======== The data

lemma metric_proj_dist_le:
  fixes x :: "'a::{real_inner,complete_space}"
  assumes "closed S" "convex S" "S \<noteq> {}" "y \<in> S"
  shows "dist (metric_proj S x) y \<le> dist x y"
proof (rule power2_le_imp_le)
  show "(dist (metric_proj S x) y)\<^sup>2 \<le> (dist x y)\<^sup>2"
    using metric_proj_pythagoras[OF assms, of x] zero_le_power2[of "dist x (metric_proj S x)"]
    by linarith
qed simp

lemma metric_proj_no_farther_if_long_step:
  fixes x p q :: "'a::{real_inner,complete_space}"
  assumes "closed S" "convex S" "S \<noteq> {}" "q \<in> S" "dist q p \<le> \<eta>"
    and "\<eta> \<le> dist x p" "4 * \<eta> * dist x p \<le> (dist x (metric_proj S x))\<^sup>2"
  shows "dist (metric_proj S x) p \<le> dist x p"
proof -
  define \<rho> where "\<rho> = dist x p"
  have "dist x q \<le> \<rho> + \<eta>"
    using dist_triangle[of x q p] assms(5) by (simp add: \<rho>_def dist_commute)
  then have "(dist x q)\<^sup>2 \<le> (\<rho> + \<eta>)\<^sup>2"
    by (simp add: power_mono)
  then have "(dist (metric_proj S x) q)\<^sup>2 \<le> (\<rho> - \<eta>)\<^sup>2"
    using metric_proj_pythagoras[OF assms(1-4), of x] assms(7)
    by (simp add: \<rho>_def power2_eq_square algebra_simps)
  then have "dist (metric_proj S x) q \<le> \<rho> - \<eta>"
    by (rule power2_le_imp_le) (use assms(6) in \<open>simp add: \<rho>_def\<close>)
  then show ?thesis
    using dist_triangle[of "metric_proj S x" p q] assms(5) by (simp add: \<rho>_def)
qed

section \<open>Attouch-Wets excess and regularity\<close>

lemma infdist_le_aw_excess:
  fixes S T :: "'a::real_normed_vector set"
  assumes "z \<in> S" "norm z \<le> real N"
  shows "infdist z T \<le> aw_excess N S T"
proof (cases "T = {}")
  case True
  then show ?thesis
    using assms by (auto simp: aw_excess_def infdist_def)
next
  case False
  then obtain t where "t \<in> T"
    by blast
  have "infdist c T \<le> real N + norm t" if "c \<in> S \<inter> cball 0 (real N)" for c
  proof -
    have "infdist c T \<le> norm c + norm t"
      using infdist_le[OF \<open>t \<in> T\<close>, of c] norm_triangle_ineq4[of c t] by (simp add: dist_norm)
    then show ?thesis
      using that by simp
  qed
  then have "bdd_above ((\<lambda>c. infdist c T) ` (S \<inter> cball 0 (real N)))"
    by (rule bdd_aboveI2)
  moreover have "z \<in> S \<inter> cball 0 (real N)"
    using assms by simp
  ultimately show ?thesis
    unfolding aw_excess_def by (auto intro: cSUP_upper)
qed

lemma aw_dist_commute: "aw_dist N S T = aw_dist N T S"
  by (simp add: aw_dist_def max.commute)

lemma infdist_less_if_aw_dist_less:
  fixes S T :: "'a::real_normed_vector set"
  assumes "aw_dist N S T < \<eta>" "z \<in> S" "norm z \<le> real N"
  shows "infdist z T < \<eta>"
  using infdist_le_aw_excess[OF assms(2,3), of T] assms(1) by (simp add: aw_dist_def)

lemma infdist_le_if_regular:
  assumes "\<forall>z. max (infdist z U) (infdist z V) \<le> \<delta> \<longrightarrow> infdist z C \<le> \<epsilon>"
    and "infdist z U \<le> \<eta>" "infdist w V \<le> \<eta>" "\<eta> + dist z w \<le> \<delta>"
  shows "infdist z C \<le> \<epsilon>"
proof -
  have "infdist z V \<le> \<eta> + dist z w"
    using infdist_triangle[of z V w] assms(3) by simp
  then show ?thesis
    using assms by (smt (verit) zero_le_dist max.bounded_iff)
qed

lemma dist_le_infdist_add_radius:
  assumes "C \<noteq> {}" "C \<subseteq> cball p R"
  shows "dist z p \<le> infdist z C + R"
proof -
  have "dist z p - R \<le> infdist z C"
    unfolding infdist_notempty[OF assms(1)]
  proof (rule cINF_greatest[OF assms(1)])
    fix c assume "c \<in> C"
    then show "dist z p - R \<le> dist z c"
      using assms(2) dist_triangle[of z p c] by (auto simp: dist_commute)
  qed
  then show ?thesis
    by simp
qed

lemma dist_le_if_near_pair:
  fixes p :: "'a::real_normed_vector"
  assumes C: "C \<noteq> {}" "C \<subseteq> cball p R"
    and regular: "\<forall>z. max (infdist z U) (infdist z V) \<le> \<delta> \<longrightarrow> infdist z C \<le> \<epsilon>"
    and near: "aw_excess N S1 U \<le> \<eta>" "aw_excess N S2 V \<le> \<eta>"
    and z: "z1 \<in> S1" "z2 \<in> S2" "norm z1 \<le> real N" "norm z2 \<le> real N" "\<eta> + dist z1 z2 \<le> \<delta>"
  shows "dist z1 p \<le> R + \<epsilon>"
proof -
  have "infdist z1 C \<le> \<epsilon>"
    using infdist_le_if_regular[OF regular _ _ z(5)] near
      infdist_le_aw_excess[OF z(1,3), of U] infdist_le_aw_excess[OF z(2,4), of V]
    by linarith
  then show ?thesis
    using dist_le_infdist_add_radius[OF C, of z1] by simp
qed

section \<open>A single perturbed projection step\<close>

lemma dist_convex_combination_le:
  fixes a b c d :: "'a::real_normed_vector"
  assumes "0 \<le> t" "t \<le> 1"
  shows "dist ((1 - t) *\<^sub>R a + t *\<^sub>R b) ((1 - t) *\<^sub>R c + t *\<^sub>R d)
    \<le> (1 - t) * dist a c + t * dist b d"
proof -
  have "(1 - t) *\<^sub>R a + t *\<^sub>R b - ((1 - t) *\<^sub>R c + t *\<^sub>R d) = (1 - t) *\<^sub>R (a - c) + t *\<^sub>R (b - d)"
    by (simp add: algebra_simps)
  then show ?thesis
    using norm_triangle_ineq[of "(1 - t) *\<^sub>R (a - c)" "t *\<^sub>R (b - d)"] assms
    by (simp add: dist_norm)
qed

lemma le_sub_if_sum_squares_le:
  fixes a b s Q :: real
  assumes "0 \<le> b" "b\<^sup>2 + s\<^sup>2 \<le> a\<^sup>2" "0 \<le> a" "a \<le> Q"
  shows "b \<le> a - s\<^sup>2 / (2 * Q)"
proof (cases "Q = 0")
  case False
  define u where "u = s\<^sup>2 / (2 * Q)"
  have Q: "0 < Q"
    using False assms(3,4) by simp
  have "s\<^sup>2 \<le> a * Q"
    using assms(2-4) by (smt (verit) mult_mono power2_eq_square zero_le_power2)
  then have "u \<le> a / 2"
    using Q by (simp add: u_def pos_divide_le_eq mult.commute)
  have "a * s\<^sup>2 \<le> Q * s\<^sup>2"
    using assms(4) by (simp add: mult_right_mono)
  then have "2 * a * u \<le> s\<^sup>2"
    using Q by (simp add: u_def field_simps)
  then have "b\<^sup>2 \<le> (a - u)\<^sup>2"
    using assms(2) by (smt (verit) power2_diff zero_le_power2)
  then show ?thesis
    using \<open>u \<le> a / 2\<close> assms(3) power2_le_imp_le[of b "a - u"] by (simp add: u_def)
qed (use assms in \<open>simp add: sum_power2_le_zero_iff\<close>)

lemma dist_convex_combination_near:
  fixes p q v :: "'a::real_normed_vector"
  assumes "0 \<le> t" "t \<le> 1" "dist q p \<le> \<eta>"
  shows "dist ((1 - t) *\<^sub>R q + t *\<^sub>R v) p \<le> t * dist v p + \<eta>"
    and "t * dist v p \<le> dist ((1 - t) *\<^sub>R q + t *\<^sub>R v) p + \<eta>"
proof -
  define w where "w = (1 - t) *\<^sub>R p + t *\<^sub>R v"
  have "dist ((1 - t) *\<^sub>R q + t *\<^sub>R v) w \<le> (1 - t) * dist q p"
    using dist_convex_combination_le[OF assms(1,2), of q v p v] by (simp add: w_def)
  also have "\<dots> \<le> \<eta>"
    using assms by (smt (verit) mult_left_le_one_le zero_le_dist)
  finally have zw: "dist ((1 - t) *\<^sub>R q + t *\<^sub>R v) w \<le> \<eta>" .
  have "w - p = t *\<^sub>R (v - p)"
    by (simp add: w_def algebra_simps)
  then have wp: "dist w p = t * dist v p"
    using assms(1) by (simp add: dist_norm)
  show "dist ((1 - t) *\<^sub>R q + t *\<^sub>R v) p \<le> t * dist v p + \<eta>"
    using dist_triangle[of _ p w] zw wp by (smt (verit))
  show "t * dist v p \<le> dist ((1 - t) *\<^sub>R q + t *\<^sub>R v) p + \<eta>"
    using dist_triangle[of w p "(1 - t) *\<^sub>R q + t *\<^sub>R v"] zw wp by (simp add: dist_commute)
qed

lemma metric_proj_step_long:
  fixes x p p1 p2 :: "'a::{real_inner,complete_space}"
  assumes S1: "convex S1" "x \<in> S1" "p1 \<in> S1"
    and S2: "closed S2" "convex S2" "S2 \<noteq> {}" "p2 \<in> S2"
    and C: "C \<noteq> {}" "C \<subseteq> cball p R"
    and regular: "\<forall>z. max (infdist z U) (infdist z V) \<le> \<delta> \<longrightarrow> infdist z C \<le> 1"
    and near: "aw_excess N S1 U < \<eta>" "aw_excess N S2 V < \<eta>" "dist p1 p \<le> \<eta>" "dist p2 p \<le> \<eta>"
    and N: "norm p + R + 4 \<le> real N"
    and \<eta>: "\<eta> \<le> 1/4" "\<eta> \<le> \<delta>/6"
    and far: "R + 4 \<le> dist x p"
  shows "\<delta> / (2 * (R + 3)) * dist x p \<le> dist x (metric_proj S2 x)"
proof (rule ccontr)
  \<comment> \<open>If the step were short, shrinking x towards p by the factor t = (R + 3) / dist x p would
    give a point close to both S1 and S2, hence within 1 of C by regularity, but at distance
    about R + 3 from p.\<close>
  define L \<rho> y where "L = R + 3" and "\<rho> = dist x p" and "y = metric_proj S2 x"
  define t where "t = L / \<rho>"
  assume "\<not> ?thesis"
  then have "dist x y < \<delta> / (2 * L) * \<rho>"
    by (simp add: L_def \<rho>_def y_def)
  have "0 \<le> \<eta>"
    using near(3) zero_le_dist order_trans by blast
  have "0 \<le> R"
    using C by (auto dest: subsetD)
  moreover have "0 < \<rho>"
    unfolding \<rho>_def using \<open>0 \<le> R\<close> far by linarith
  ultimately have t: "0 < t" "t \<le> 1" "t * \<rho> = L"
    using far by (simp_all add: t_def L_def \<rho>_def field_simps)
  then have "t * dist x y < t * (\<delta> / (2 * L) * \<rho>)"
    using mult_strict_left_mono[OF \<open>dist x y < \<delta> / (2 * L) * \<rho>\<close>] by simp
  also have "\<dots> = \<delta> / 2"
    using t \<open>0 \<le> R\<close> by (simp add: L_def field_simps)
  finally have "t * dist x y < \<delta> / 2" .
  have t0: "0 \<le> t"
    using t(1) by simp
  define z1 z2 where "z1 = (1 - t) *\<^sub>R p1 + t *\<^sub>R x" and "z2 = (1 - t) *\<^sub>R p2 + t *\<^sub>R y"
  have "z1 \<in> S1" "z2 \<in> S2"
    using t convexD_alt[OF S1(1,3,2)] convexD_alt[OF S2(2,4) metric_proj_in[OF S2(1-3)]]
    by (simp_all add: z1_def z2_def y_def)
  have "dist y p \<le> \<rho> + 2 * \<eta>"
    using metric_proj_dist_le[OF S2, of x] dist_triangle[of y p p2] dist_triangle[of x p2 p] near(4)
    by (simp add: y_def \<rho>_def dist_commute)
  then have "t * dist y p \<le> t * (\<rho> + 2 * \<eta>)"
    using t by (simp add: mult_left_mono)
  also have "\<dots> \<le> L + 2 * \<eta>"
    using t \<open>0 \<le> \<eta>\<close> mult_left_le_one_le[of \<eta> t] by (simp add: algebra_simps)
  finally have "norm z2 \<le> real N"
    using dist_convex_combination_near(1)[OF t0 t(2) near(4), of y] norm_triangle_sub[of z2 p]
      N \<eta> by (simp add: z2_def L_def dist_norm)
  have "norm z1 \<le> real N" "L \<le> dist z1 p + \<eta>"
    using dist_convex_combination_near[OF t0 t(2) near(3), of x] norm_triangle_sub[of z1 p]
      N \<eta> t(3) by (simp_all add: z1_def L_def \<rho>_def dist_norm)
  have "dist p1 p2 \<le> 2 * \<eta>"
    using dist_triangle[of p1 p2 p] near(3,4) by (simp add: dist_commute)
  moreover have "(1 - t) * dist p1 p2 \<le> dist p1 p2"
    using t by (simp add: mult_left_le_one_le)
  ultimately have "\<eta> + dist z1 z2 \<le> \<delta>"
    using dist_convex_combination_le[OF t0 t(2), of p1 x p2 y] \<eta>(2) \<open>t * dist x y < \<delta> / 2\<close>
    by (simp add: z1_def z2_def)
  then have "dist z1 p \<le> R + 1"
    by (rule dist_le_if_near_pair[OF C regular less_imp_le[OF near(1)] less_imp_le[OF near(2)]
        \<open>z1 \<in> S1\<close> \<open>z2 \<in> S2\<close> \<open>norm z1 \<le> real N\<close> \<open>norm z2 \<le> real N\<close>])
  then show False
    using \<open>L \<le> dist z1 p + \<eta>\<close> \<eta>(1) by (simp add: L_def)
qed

================
======== The data

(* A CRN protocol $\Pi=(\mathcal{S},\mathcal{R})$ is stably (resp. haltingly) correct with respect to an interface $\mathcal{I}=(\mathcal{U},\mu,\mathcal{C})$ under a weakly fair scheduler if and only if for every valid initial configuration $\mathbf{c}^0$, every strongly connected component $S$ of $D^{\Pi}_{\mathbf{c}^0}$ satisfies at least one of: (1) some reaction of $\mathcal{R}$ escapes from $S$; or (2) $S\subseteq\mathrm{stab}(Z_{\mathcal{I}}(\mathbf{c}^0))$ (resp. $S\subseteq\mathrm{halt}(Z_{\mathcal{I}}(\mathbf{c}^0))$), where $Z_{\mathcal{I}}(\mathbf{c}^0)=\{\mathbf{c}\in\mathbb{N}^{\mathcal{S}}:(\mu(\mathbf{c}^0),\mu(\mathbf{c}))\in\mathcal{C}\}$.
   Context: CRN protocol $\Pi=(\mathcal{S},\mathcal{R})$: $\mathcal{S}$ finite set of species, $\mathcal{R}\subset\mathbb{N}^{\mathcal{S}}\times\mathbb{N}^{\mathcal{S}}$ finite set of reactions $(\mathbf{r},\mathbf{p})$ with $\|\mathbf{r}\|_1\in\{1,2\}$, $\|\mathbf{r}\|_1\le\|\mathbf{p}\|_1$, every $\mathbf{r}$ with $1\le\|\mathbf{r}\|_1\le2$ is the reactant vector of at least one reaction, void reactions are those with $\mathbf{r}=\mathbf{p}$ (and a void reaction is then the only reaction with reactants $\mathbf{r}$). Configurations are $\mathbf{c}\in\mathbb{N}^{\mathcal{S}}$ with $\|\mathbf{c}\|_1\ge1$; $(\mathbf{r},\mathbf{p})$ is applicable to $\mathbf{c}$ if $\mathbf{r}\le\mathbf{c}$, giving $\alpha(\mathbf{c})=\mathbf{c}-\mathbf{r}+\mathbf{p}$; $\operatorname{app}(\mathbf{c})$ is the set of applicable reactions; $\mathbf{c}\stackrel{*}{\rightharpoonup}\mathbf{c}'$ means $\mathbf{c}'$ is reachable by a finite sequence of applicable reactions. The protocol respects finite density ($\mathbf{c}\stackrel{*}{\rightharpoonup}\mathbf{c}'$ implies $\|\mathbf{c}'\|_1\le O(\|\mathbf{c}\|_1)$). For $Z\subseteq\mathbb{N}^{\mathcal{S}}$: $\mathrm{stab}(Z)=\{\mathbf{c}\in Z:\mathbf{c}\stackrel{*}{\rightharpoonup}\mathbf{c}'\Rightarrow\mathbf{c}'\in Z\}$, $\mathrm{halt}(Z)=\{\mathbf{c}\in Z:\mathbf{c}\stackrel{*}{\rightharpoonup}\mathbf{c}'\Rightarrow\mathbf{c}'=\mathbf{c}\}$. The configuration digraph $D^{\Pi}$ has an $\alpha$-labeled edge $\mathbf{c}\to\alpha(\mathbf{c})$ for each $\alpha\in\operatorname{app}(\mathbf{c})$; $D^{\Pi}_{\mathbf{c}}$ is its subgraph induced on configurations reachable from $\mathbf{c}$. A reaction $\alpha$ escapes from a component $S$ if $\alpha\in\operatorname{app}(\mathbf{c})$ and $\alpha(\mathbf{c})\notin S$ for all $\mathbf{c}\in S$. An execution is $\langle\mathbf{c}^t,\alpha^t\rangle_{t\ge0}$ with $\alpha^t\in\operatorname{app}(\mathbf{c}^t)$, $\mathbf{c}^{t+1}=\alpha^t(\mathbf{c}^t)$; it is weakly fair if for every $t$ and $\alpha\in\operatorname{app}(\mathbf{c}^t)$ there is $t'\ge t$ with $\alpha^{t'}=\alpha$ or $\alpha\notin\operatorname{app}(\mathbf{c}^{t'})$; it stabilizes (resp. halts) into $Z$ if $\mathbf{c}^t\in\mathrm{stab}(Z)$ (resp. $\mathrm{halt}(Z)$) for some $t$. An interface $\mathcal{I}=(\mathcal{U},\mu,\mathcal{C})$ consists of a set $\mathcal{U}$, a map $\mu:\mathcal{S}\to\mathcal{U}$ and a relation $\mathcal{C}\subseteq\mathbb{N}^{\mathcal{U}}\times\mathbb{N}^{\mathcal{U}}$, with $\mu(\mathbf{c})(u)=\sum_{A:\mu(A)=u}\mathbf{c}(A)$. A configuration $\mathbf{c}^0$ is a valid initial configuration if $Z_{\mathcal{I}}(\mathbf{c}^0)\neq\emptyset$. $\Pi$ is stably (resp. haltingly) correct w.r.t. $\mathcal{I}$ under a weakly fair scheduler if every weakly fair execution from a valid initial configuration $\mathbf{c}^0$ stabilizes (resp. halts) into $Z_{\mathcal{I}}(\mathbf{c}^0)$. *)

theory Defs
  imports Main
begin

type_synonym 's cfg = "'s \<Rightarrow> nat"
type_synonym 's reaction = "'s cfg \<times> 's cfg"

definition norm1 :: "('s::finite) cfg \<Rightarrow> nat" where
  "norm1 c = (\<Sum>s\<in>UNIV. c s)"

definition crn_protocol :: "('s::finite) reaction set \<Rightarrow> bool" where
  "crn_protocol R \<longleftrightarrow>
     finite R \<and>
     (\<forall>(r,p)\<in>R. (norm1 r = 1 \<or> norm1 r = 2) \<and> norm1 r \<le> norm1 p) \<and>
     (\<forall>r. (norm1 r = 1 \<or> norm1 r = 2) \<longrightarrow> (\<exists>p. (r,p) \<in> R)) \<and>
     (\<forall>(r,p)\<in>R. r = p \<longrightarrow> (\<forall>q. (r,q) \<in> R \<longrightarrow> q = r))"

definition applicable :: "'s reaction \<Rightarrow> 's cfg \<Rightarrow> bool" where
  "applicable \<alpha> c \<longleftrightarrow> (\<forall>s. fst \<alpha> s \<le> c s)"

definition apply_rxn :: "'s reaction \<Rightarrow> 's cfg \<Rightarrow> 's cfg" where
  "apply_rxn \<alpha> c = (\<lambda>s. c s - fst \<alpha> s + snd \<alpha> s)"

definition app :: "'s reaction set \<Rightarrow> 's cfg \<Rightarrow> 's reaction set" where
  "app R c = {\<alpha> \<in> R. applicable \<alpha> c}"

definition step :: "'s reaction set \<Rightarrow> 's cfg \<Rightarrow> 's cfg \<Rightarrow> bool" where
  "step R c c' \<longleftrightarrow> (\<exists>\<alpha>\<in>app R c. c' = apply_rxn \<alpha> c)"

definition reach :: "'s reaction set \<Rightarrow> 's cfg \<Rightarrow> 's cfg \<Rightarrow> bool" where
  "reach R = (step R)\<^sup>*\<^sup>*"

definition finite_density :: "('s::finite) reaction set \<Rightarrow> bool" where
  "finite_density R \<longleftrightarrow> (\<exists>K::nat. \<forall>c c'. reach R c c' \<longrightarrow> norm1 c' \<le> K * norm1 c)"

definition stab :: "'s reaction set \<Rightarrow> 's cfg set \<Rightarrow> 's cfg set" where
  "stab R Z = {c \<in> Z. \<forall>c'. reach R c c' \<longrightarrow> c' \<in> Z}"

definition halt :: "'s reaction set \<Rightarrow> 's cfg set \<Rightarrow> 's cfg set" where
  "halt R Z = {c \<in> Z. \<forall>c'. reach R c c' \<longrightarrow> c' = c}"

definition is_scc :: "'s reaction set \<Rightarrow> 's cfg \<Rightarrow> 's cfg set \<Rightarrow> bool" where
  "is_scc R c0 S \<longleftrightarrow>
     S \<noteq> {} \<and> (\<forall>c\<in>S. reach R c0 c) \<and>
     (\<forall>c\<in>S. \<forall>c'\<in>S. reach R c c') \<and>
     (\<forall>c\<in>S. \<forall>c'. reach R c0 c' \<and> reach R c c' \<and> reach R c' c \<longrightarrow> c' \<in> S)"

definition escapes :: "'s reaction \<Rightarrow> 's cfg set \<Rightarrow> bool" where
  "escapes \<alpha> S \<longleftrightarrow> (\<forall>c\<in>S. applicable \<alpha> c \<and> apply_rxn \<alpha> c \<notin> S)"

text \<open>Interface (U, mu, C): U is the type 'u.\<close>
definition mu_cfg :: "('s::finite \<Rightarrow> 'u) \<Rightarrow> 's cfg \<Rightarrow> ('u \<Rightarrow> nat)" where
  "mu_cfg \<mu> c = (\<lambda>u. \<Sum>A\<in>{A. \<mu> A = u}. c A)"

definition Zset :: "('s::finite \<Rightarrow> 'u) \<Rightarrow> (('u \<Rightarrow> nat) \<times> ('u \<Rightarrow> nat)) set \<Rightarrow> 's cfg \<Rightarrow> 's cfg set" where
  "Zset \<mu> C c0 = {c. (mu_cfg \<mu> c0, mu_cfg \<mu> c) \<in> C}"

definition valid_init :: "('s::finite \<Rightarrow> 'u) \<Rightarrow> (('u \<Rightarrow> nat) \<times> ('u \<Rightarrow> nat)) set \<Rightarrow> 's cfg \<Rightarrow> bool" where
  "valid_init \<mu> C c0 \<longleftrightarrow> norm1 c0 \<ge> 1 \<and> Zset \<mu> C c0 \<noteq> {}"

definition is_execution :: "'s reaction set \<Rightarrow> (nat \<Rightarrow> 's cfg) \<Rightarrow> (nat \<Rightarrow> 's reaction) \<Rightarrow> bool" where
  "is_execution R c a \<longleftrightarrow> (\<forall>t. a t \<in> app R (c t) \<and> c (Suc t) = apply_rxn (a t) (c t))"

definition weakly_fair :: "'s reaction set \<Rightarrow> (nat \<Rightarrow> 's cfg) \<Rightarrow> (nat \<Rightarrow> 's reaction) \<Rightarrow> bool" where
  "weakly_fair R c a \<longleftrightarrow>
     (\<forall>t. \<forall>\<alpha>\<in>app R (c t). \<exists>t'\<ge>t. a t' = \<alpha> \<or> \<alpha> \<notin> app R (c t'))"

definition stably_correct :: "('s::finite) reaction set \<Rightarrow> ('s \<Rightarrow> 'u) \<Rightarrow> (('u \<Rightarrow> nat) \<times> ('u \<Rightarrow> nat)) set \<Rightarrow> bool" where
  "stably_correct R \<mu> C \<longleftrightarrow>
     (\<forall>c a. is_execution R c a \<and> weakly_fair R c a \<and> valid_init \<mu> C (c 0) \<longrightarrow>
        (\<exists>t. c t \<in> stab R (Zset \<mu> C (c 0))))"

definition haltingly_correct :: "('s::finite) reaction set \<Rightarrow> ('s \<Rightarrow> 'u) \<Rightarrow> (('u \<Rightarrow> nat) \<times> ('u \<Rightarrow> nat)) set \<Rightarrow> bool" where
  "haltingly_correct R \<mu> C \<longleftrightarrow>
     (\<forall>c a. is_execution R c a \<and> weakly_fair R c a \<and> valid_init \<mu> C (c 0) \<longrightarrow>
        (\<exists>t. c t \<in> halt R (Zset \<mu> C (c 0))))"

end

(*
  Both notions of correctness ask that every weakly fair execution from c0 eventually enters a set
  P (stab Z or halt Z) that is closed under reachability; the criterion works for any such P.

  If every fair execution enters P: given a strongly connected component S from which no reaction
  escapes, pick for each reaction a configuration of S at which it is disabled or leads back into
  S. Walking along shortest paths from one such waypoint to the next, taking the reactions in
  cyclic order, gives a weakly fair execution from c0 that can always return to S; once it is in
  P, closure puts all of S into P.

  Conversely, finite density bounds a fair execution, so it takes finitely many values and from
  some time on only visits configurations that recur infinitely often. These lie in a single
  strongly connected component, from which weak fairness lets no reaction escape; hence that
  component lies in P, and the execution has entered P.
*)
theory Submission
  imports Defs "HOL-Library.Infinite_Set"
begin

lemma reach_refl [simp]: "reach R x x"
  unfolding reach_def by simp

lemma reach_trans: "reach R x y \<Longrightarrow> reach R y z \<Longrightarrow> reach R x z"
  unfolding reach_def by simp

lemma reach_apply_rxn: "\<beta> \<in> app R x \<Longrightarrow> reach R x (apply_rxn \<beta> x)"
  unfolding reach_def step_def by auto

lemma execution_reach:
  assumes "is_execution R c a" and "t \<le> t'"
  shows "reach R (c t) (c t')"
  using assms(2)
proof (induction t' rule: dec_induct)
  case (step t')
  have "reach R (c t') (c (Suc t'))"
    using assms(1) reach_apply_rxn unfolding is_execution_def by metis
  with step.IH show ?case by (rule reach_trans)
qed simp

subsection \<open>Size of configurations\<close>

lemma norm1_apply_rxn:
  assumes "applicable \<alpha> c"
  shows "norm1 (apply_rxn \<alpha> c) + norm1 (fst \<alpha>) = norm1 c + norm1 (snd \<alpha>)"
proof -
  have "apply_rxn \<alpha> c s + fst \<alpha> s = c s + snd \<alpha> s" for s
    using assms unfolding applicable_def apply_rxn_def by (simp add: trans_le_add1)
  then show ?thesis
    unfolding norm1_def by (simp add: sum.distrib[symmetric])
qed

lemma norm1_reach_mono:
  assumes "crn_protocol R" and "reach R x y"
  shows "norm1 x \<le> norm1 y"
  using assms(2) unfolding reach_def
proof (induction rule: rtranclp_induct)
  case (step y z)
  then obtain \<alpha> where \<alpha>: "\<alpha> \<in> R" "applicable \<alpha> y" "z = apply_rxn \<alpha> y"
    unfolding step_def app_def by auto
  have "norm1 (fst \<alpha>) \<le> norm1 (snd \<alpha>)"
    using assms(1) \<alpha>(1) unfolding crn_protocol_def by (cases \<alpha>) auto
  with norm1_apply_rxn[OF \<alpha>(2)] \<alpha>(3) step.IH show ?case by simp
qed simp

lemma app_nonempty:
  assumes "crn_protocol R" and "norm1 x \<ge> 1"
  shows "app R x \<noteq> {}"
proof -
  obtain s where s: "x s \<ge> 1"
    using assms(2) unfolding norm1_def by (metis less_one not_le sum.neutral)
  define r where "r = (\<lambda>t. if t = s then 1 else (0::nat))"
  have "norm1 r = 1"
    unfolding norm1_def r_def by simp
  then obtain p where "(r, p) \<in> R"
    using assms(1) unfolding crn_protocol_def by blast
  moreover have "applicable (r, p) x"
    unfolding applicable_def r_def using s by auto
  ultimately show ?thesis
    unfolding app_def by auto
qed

================

What you should do:
Using the data above, return each line that includes the word "Zset".

Finished task:
definition Zset :: "('s::finite \<Rightarrow> 'u) \<Rightarrow> (('u \<Rightarrow> nat) \<times> ('u \<Rightarrow> nat)) set \<Rightarrow> 's cfg \<Rightarrow> 's cfg set" where
  "Zset \<mu> C c0 = {c. (mu_cfg \<mu> c0, mu_cfg \<mu> c) \<in> C}"
  "valid_init \<mu> C c0 \<longleftrightarrow> norm1 c0 \<ge> 1 \<and> Zset \<mu> C c0 \<noteq> {}"
        (\<exists>t. c t \<in> stab R (Zset \<mu> C (c 0))))"
        (\<exists>t. c t \<in> halt R (Zset \<mu> C (c 0))))"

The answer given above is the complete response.